Problem requirements —
Every line in the data below that holds "Assumption" should be found and copied.

(Extracted records)
■ ■ ■ ■ ■

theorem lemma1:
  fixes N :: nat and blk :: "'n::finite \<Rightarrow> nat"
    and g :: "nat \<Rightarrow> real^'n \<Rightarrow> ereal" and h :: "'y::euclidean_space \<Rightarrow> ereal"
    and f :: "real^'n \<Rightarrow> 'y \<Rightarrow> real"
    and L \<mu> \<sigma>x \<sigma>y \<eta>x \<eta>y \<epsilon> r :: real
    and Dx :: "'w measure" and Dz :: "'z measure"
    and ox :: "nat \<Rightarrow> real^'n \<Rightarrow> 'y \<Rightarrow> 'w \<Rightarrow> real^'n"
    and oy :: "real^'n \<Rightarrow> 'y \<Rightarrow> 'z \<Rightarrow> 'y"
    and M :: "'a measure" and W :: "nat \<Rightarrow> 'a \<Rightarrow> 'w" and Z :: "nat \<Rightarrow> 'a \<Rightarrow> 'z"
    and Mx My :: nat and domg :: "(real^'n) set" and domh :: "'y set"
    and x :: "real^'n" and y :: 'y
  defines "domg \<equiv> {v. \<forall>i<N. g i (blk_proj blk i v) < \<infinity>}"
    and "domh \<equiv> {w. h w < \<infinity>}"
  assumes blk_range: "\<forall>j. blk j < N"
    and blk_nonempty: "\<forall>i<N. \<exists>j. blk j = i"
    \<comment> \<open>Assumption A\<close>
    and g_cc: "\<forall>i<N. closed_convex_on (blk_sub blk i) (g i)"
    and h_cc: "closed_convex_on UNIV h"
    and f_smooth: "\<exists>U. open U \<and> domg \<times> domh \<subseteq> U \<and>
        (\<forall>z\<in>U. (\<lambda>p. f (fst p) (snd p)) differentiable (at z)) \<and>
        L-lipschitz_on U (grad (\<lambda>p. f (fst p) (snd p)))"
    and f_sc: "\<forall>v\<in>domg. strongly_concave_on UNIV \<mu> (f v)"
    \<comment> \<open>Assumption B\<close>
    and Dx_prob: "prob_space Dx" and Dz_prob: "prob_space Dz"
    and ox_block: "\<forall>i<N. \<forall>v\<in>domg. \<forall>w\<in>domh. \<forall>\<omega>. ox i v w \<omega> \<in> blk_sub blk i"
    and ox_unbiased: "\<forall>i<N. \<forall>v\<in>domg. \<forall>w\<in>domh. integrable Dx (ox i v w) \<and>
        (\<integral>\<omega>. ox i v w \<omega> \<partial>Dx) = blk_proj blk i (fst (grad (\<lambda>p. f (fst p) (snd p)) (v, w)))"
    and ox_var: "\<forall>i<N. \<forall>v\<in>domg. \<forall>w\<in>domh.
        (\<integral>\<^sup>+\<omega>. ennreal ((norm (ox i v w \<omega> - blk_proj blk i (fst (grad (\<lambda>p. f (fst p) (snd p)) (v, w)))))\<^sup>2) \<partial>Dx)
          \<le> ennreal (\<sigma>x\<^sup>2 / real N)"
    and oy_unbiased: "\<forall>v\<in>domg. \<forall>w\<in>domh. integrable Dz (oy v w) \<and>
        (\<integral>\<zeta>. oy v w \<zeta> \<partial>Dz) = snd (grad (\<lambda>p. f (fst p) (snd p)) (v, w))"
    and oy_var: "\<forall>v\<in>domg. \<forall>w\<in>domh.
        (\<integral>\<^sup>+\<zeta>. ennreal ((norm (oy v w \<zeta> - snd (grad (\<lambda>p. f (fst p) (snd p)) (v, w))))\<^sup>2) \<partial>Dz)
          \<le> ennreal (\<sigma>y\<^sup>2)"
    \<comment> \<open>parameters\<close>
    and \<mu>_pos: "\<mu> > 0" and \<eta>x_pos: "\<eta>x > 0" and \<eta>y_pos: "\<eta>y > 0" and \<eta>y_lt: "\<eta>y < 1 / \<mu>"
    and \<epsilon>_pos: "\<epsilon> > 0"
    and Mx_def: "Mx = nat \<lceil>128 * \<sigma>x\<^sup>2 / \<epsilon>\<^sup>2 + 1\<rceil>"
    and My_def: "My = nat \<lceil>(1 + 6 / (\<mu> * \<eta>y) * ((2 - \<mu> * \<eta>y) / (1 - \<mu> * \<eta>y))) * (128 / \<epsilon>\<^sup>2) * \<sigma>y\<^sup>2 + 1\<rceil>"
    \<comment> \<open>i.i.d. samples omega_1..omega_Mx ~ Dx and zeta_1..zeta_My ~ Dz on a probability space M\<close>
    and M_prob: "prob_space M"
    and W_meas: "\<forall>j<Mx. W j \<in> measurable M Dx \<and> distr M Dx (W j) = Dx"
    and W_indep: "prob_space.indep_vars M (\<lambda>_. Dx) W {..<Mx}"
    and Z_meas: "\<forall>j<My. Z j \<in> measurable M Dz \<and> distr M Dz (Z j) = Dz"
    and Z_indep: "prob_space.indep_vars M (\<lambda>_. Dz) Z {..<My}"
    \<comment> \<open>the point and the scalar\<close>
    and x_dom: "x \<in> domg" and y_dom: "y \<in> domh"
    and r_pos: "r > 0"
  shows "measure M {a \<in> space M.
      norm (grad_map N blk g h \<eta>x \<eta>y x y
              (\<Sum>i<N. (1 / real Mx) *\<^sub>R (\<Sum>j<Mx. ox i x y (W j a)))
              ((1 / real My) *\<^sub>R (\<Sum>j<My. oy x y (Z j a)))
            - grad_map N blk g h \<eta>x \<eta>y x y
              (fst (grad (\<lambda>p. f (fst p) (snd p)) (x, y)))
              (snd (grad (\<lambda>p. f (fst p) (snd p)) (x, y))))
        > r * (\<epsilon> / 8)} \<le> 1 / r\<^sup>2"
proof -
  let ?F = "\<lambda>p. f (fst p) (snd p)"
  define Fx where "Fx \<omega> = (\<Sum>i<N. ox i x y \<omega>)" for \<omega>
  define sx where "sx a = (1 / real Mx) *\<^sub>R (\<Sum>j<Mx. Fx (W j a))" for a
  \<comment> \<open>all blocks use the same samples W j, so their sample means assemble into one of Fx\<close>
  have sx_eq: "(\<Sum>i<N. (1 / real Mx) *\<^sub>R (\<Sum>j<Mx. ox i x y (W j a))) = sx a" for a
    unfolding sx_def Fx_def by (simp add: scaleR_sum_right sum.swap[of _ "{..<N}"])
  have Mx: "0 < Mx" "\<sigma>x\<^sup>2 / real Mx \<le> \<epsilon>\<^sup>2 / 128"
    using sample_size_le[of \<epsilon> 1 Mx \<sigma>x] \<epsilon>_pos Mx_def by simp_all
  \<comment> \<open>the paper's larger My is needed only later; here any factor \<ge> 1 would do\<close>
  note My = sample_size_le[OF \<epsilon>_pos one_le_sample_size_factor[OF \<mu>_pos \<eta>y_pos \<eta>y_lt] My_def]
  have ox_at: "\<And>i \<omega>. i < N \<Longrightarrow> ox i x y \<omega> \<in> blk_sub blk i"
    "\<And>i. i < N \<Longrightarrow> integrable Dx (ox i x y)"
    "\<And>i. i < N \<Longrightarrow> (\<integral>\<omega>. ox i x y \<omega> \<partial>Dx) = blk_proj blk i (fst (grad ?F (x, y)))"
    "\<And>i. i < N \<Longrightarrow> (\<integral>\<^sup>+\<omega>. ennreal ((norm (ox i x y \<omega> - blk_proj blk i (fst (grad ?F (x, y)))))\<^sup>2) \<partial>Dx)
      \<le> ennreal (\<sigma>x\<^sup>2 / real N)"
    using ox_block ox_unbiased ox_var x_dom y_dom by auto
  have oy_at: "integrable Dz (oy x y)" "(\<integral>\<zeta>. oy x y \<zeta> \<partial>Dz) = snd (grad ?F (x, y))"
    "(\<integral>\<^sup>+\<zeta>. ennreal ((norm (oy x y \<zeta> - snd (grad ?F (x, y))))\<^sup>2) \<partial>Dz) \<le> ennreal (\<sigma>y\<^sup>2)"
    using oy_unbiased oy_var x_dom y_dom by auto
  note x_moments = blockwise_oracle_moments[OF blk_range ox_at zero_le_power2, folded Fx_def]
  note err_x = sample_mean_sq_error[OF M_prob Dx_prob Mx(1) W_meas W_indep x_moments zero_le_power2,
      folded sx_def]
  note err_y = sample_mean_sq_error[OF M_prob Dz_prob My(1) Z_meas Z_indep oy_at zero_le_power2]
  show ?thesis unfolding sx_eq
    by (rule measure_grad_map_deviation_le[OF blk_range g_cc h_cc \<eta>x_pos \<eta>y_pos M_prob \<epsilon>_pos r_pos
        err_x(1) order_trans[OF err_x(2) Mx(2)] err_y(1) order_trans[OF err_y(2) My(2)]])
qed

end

■ ■ ■ ■ ■

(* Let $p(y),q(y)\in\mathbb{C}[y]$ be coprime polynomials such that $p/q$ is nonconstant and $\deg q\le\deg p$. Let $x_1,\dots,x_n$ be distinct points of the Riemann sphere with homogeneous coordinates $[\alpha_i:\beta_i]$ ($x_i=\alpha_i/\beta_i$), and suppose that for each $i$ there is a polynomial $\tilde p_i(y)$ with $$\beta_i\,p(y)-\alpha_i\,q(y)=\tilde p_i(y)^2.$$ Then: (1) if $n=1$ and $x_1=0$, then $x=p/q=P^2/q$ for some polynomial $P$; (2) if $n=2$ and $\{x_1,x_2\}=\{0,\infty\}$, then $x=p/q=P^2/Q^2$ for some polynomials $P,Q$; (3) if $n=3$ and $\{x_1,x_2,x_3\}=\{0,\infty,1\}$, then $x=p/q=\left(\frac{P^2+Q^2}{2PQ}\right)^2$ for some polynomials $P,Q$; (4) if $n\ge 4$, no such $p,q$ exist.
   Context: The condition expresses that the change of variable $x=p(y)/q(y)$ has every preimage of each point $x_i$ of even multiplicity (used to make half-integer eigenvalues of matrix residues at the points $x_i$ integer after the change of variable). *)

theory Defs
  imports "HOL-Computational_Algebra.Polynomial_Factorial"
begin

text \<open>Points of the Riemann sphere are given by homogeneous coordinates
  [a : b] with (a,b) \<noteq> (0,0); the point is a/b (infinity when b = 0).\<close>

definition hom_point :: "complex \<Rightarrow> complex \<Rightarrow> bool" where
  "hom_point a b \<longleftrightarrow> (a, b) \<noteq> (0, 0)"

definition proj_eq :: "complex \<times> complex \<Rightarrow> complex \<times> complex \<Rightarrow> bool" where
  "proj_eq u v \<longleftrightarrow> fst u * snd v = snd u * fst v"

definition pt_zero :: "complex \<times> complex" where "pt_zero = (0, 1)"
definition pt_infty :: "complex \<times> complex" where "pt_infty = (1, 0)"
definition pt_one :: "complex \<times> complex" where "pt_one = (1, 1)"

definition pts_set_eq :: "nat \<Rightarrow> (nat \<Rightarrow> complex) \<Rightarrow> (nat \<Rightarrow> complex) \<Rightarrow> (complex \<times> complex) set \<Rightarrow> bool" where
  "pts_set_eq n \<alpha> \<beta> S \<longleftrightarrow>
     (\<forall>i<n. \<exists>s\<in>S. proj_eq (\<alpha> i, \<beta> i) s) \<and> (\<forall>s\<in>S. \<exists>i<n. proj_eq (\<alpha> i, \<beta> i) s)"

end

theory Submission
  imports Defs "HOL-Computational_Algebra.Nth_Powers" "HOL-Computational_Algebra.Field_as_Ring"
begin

■ ■ ■ ■ ■

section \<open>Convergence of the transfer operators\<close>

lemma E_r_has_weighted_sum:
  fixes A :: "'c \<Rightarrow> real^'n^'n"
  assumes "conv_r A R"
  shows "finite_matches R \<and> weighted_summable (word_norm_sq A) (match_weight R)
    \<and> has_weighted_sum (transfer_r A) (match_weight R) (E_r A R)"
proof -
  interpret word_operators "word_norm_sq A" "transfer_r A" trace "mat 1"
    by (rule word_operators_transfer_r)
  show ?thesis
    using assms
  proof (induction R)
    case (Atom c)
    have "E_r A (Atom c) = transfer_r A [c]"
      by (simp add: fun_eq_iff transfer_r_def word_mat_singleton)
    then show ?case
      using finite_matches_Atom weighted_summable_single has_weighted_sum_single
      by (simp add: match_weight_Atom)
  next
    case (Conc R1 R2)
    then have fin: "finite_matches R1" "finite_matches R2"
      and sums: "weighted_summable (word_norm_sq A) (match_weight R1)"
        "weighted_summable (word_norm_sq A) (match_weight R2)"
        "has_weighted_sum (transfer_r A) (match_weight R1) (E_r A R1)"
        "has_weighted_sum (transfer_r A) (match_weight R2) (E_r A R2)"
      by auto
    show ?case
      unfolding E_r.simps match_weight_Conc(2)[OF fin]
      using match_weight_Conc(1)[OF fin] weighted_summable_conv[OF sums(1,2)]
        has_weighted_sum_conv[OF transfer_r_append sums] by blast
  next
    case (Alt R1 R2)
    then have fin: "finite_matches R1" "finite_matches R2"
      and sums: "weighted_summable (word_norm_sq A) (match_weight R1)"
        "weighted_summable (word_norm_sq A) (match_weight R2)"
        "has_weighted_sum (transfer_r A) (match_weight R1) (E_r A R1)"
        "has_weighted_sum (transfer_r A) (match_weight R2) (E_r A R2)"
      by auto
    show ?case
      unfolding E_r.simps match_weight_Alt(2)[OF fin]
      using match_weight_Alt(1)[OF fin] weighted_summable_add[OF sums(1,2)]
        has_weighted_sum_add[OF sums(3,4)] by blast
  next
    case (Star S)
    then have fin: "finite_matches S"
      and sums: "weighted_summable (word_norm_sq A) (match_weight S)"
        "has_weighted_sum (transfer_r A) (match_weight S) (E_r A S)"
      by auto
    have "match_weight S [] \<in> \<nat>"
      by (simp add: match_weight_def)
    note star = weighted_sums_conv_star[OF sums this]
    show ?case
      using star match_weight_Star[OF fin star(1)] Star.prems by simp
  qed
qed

■ ■ ■ ■ ■

Final answer —
    \<comment> \<open>Assumption A\<close>
    \<comment> \<open>Assumption B\<close>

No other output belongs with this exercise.